## WHAT NEEDS TO BE DONE
Please set down only the lines between the line containing "text \<open>Outgoing modes" and the end of the records, inclusive, exactly as they stand.

## DATA SHOWN
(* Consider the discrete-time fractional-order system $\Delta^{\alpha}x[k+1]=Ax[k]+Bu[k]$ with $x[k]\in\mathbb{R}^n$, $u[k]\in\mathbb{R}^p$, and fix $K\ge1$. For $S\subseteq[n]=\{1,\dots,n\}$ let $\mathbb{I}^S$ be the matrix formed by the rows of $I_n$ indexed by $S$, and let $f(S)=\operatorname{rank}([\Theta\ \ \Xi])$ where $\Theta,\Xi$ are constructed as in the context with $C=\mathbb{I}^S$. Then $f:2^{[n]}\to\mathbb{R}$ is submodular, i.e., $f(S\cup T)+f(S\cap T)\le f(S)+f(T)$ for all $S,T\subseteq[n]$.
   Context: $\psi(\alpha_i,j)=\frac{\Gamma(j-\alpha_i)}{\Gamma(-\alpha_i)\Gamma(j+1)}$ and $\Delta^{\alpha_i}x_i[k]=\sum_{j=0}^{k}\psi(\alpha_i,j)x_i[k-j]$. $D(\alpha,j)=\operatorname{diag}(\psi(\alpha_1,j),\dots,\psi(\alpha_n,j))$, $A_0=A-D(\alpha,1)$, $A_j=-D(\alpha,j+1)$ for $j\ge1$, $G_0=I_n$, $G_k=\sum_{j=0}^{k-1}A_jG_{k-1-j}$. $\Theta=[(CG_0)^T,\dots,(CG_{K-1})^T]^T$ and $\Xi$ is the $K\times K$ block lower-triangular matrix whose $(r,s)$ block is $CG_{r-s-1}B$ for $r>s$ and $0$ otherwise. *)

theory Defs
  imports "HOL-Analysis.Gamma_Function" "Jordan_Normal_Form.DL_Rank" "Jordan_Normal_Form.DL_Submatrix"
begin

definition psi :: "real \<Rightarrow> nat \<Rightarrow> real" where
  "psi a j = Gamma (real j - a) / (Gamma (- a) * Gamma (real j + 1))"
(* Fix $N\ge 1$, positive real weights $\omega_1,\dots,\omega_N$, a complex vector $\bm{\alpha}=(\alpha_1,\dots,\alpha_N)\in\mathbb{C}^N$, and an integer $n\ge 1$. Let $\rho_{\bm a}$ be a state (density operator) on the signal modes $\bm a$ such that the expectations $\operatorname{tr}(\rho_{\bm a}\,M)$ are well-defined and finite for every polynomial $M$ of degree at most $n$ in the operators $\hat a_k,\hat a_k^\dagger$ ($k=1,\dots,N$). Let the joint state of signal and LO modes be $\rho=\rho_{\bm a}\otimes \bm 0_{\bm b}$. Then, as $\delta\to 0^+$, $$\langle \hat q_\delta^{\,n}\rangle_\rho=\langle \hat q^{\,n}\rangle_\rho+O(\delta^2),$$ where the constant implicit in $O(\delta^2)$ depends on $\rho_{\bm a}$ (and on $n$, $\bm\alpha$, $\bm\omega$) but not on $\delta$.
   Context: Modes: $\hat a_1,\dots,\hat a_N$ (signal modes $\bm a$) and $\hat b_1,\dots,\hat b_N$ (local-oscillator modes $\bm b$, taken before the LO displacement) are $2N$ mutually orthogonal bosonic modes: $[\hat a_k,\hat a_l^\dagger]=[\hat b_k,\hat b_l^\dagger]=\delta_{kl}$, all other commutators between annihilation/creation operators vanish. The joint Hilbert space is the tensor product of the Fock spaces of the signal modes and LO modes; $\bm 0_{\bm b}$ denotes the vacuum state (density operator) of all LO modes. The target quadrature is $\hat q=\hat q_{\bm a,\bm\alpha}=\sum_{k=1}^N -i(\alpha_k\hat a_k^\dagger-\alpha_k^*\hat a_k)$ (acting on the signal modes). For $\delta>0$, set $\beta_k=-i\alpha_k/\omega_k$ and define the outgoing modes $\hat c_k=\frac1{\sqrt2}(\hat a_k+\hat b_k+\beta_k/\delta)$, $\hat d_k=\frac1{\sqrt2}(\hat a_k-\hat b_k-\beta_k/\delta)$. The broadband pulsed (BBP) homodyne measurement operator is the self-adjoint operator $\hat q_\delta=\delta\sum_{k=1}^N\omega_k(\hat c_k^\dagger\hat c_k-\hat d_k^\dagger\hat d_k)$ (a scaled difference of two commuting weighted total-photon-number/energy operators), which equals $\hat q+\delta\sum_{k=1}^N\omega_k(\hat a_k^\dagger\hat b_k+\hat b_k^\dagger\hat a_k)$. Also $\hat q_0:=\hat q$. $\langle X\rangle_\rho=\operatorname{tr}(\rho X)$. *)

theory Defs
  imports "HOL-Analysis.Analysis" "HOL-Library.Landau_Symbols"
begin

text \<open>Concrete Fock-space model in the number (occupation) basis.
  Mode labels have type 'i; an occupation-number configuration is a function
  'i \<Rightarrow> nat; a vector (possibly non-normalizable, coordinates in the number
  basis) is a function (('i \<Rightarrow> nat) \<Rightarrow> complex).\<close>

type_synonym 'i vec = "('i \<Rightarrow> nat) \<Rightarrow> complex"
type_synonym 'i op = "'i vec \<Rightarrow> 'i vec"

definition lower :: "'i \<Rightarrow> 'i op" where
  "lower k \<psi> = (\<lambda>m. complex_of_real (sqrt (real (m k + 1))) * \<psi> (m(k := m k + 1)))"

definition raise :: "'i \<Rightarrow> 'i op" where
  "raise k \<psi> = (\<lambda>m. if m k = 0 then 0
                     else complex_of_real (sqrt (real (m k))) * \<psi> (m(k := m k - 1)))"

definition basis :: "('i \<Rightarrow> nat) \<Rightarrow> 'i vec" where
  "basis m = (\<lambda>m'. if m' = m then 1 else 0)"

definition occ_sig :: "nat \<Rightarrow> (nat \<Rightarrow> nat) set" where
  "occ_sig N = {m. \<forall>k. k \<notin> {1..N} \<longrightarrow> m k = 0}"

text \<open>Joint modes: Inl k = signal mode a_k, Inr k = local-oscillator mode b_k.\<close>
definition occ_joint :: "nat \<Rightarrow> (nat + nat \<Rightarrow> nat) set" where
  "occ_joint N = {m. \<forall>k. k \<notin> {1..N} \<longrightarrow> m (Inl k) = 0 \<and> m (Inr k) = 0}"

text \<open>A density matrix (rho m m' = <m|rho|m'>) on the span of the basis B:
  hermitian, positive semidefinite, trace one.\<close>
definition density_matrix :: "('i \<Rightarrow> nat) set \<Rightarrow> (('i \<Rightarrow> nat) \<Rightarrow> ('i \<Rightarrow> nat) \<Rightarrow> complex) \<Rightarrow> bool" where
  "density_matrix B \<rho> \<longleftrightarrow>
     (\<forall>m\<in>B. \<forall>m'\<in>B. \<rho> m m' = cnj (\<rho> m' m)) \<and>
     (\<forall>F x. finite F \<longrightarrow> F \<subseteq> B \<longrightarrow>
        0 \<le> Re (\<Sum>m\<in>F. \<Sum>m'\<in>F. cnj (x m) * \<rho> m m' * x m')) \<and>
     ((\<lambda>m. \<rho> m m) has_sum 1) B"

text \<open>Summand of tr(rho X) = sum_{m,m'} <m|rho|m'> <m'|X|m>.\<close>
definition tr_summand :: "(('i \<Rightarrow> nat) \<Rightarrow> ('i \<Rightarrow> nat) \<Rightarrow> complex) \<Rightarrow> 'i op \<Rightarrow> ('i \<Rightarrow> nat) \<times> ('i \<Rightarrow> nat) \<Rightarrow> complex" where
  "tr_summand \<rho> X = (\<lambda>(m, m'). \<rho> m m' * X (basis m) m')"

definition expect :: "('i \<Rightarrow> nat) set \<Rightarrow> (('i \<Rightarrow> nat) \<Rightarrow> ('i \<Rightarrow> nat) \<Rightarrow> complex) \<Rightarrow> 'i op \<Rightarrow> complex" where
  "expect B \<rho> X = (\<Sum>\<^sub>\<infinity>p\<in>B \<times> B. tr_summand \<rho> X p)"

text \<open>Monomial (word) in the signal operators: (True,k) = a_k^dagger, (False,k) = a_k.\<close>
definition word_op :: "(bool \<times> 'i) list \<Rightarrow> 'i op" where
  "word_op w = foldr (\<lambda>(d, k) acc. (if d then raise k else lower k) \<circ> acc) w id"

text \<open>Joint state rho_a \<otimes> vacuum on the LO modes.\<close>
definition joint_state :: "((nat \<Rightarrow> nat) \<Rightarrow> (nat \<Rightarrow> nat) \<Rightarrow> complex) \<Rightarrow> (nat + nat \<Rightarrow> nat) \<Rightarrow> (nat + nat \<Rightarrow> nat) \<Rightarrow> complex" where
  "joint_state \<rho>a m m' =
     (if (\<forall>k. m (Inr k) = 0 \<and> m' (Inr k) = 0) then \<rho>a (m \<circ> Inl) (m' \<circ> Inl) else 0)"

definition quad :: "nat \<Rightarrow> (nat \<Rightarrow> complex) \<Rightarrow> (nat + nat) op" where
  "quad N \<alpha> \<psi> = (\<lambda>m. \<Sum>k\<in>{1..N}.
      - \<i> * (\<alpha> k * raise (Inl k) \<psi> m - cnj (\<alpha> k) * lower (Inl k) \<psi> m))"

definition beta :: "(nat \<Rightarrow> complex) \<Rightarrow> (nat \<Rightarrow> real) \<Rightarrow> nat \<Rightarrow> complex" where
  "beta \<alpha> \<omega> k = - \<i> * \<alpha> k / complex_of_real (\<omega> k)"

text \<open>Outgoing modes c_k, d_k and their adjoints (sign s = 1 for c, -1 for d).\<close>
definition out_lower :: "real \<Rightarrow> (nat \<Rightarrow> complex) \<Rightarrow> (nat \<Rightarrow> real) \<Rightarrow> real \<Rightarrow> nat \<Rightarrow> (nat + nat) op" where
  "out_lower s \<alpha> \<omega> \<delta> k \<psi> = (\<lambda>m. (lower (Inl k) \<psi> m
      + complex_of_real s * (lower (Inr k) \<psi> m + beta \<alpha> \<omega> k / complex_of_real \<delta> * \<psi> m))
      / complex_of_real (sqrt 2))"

## EXPECTED ANSWER
text \<open>Outgoing modes c_k, d_k and their adjoints (sign s = 1 for c, -1 for d).\<close>
definition out_lower :: "real \<Rightarrow> (nat \<Rightarrow> complex) \<Rightarrow> (nat \<Rightarrow> real) \<Rightarrow> real \<Rightarrow> nat \<Rightarrow> (nat + nat) op" where
  "out_lower s \<alpha> \<omega> \<delta> k \<psi> = (\<lambda>m. (lower (Inl k) \<psi> m
      + complex_of_real s * (lower (Inr k) \<psi> m + beta \<alpha> \<omega> k / complex_of_real \<delta> * \<psi> m))
      / complex_of_real (sqrt 2))"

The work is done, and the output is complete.